» Task to complete: Among the lines below, keep only those from the one containing "x) = 0\<^sub>v" through the one containing "M * (spec_norm", and reproduce them exactly.

» Records shown:
lemma smult_one_mat_in_block_structure:
  "c \<cdot>\<^sub>m 1\<^sub>m (sum_list ks + sum_list ns) \<in> block_structure ks ns"
proof -
  define Ds where "Ds = map (\<lambda>j. c \<cdot>\<^sub>m 1\<^sub>m (ns ! j)) [0..<length ns]"
  have "map (\<lambda>i. c \<cdot>\<^sub>m 1\<^sub>m (ks ! i)) [0..<length ks] @ Ds = map (\<lambda>k. c \<cdot>\<^sub>m 1\<^sub>m k) (ks @ ns)"
    unfolding Ds_def by (intro nth_equalityI) (auto simp: nth_append)
  then have "diag_block_mat (map (\<lambda>i. c \<cdot>\<^sub>m 1\<^sub>m (ks ! i)) [0..<length ks] @ Ds)
      = c \<cdot>\<^sub>m 1\<^sub>m (sum_list ks + sum_list ns)"
    by (simp only: diag_block_mat_smult_one_mat sum_list_append)
  moreover have "length Ds = length ns" "\<forall>j<length ns. Ds ! j \<in> carrier_mat (ns ! j) (ns ! j)"
    unfolding Ds_def by auto
  ultimately show ?thesis
    unfolding block_structure_def by (intro CollectI exI[of _ "\<lambda>_. c"] exI[of _ Ds]) simp
qed

lemma one_le_spec_norm_mult_if_singular:
  assumes M: "M \<in> carrier_mat n n" and \<Delta>: "\<Delta> \<in> carrier_mat n n"
    and singular: "det (1\<^sub>m n + M * \<Delta>) = 0"
  shows "1 \<le> spec_norm M * spec_norm \<Delta>"
proof -
  obtain x where x: "x \<in> carrier_vec n" "x \<noteq> 0\<^sub>v n" and "(1\<^sub>m n + M * \<Delta>) *\<^sub>v x = 0\<^sub>v n"
    using singular det_0_iff_vec_prod_zero[of "1\<^sub>m n + M * \<Delta>" n] M \<Delta> by auto
  then have sum0: "x + M *\<^sub>v (\<Delta> *\<^sub>v x) = 0\<^sub>v n"
    using M \<Delta> by (simp add: add_mult_distrib_mat_vec[of _ n n])
  have "M *\<^sub>v (\<Delta> *\<^sub>v x) = - x"
  proof (rule eq_vecI)
    fix i assume "i < dim_vec (- x)"
    then have i: "i < n" using x(1) by simp
    have "x $ i + (M *\<^sub>v (\<Delta> *\<^sub>v x)) $ i = 0"
      using arg_cong[OF sum0, of "\<lambda>v. v $ i"] i x(1) M by simp
    then show "(M *\<^sub>v (\<Delta> *\<^sub>v x)) $ i = (- x) $ i"
      using i x(1) by (simp add: eq_neg_iff_add_eq_0 add.commute)
  qed (use M x(1) in simp)
  then have "vec_norm2 x = vec_norm2 (M *\<^sub>v (\<Delta> *\<^sub>v x))"
    by (simp add: vec_norm2_uminus)
  also have "\<dots> \<le> spec_norm M * vec_norm2 (\<Delta> *\<^sub>v x)"
    using M \<Delta> x(1) by (intro spec_norm_mult_vec_le) simp
  also have "\<dots> \<le> spec_norm M * (spec_norm \<Delta> * vec_norm2 x)"
    using \<Delta> x(1) by (intro mult_left_mono spec_norm_mult_vec_le spec_norm_nonneg) simp
  finally have "1 * vec_norm2 x \<le> (spec_norm M * spec_norm \<Delta>) * vec_norm2 x"
    by (simp add: mult.assoc)
  moreover have "0 < vec_norm2 x"
    using x vec_norm2_nonneg[of x] vec_norm2_eq_0_iff[of x] by (auto simp: order_less_le)
  ultimately show ?thesis
    by (rule mult_right_le_imp_le)
qed

lemma eigenvalue_perturbation_singular:
  fixes M :: "'a :: field mat"
  assumes M: "M \<in> carrier_mat n n" and ev: "eigenvector M v c" and "c \<noteq> 0"
  shows "det (1\<^sub>m n + M * ((- inverse c) \<cdot>\<^sub>m 1\<^sub>m n)) = 0"
proof -
  have v: "v \<in> carrier_vec n" "v \<noteq> 0\<^sub>v n" "M *\<^sub>v v = c \<cdot>\<^sub>v v"
    using ev M unfolding eigenvector_def by auto
  have "(1\<^sub>m n + M * ((- inverse c) \<cdot>\<^sub>m 1\<^sub>m n)) *\<^sub>v v
      = v + M *\<^sub>v (((- inverse c) \<cdot>\<^sub>m 1\<^sub>m n) *\<^sub>v v)"
    using M v(1)
    by (simp add: add_mult_distrib_mat_vec[of _ n n] assoc_mult_mat_vec[of M n n "(- inverse c) \<cdot>\<^sub>m 1\<^sub>m n" n])
  also have "\<dots> = v + (- inverse c) \<cdot>\<^sub>v (M *\<^sub>v v)"
    using v(1) by (simp add: smult_one_mat_mult_vec mult_mat_vec[OF M v(1)])
  also have "\<dots> = 0\<^sub>v n"
    using v(1) \<open>c \<noteq> 0\<close> by (intro eq_vecI) (auto simp: v(3))
  finally show ?thesis
    using M v(1,2) by (subst det_0_iff_vec_prod_zero) auto
qed

lemma ssv_block_structure_eq_spec_norm:
  assumes blk: "is_block_structure n ks ns" and M: "M \<in> carrier_mat n n"
    and ev: "eigenvector M v c" and c: "cmod c = spec_norm M" "c \<noteq> 0"
  shows "ssv (block_structure ks ns) M = spec_norm M"
proof -
  let ?singular = "\<lambda>\<Delta>. det (1\<^sub>m (dim_row M) + M * \<Delta>) = 0"
  define \<Delta>\<^sub>0 where "\<Delta>\<^sub>0 = (- inverse c) \<cdot>\<^sub>m 1\<^sub>m n"
  have n: "0 < n"
    using M ev eigenvalue_imp_nonzero_dim unfolding eigenvalue_def by blast
  have \<Delta>\<^sub>0: "\<Delta>\<^sub>0 \<in> block_structure ks ns" "?singular \<Delta>\<^sub>0"
    using blk smult_one_mat_in_block_structure eigenvalue_perturbation_singular[OF M ev c(2)] M
    unfolding \<Delta>\<^sub>0_def is_block_structure_def by auto
  have norm_\<Delta>\<^sub>0: "spec_norm \<Delta>\<^sub>0 = inverse (spec_norm M)"
    using n c unfolding \<Delta>\<^sub>0_def by (simp add: spec_norm_smult_one_mat norm_inverse)
  have "inverse (spec_norm M) \<le> spec_norm \<Delta>"
    if "\<Delta> \<in> block_structure ks ns" "?singular \<Delta>" for \<Delta>
  proof -
    have "1 \<le> spec_norm M * spec_norm \<Delta>"
      using that M block_structure_carrier[OF blk] by (intro one_le_spec_norm_mult_if_singular) auto
    moreover have "0 < spec_norm M"
      using c by (metis zero_less_norm_iff)
    ultimately show ?thesis
      by (simp add: field_simps)
  qed
  then have "Inf {spec_norm \<Delta> | \<Delta>. \<Delta> \<in> block_structure ks ns \<and> ?singular \<Delta>} = inverse (spec_norm M)"
    using \<Delta>\<^sub>0 norm_\<Delta>\<^sub>0 by (intro cInf_eq_minimum) (auto intro!: exI[of _ "\<Delta>\<^sub>0"])
  then show ?thesis
    using \<Delta>\<^sub>0 unfolding ssv_def by auto
qed

lemma ssv_block_structure_pow_mat:
  assumes blk: "is_block_structure n ks ns" and M: "M \<in> carrier_mat n n"
    and ev: "eigenvector M v c" and c: "cmod c = spec_norm M" "c \<noteq> 0"
  shows "ssv (block_structure ks ns) (M ^\<^sub>m m) = spec_norm M ^ m"
proof -
  have ev_pow: "eigenvector (M ^\<^sub>m m) v (c ^ m)"
    using ev eigenvector_pow[OF M ev] M unfolding eigenvector_def by simp
  have "spec_norm (M ^\<^sub>m m) = spec_norm M ^ m"
    using spec_norm_pow_mat_le[OF M] spec_norm_ge_eigenvalue[OF pow_carrier_mat[OF M] ev_pow] c
    by (intro antisym) (simp_all add: norm_power)
  with ssv_block_structure_eq_spec_norm[OF blk pow_carrier_mat[OF M] ev_pow] c show ?thesis
    by (simp add: norm_power)
qed

theorem corollary2p6:
  fixes n k :: nat and \<delta>s :: "nat \<Rightarrow> real" and D :: "nat \<Rightarrow> complex mat"
  assumes "k \<ge> 1"
    and pos: "\<forall>i<k. \<delta>s i > 0"
    and stoch: "\<forall>i<k. gen_row_stochastic n (complex_of_real (\<delta>s i)) (D i)
                     \<or> gen_col_stochastic n (complex_of_real (\<delta>s i)) (D i)"
    and norms: "\<forall>i<k. spec_norm (D i) = \<delta>s i"
  shows "gen_doubly_stochastic n (complex_of_real (\<Sum>i<k. \<delta>s i)) (mat_sum n k D)
         \<and> spec_norm (mat_sum n k D) = (\<Sum>i<k. \<delta>s i)
         \<and> (\<forall>m ks ns. m \<ge> 1 \<longrightarrow> is_block_structure n ks ns \<longrightarrow>
              ssv (block_structure ks ns) (mat_sum n k D ^\<^sub>m m) = (\<Sum>i<k. \<delta>s i) ^ m)"
proof -
  define \<delta> where "\<delta> = (\<Sum>i<k. \<delta>s i)"
  define S where "S = mat_sum n k D"
  have S: "S \<in> carrier_mat n n"
    by (simp add: S_def)
  have doubly: "gen_doubly_stochastic n (complex_of_real (\<delta>s l)) (D l)" if "l < k" for l
    using that stoch pos norms by (intro gen_doubly_stochastic_if_row_or_col_stochastic) auto
  then have S_doubly: "gen_doubly_stochastic n (complex_of_real \<delta>) S"
    unfolding S_def \<delta>_def of_real_sum by (rule gen_doubly_stochastic_mat_sum)
  have carrier: "D l \<in> carrier_mat n n" if "l < k" for l
    using doubly[OF that] unfolding gen_doubly_stochastic_def gen_row_stochastic_def by blast
  have "0 < n"
    using dim_row_pos_if_spec_norm_pos[of "D 0"] carrier[of 0] pos norms assms(1) by auto
  then have eigen: "eigenvector S (ones_vec n) \<delta>"
    using S_doubly unfolding gen_doubly_stochastic_def by (blast intro: eigenvector_ones_vec_if_gen_row_stochastic)
  have "0 < \<delta>"
    unfolding \<delta>_def using assms(1) pos by (intro sum_pos) (auto simp: lessThan_empty_iff)
  have "spec_norm S \<le> \<delta>"
    using spec_norm_mat_sum_le[of k D n] carrier norms unfolding S_def \<delta>_def by simp
  with spec_norm_ge_eigenvalue[OF S eigen] \<open>0 < \<delta>\<close> have norm_S: "spec_norm S = \<delta>"
    by (intro antisym) auto
  moreover have "ssv (block_structure ks ns) (S ^\<^sub>m m) = \<delta> ^ m"
    if "is_block_structure n ks ns" for m ks ns
    using ssv_block_structure_pow_mat[OF that S eigen] norm_S \<open>0 < \<delta>\<close> by simp
  ultimately show ?thesis
    using S_doubly unfolding S_def \<delta>_def by blast
qed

» Answer for the task:
  then have sum0: "x + M *\<^sub>v (\<Delta> *\<^sub>v x) = 0\<^sub>v n"
    using M \<Delta> by (simp add: add_mult_distrib_mat_vec[of _ n n])
  have "M *\<^sub>v (\<Delta> *\<^sub>v x) = - x"
  proof (rule eq_vecI)
    fix i assume "i < dim_vec (- x)"
    then have i: "i < n" using x(1) by simp
    have "x $ i + (M *\<^sub>v (\<Delta> *\<^sub>v x)) $ i = 0"
      using arg_cong[OF sum0, of "\<lambda>v. v $ i"] i x(1) M by simp
    then show "(M *\<^sub>v (\<Delta> *\<^sub>v x)) $ i = (- x) $ i"
      using i x(1) by (simp add: eq_neg_iff_add_eq_0 add.commute)
  qed (use M x(1) in simp)
  then have "vec_norm2 x = vec_norm2 (M *\<^sub>v (\<Delta> *\<^sub>v x))"
    by (simp add: vec_norm2_uminus)
  also have "\<dots> \<le> spec_norm M * vec_norm2 (\<Delta> *\<^sub>v x)"
    using M \<Delta> x(1) by (intro spec_norm_mult_vec_le) simp
  also have "\<dots> \<le> spec_norm M * (spec_norm \<Delta> * vec_norm2 x)"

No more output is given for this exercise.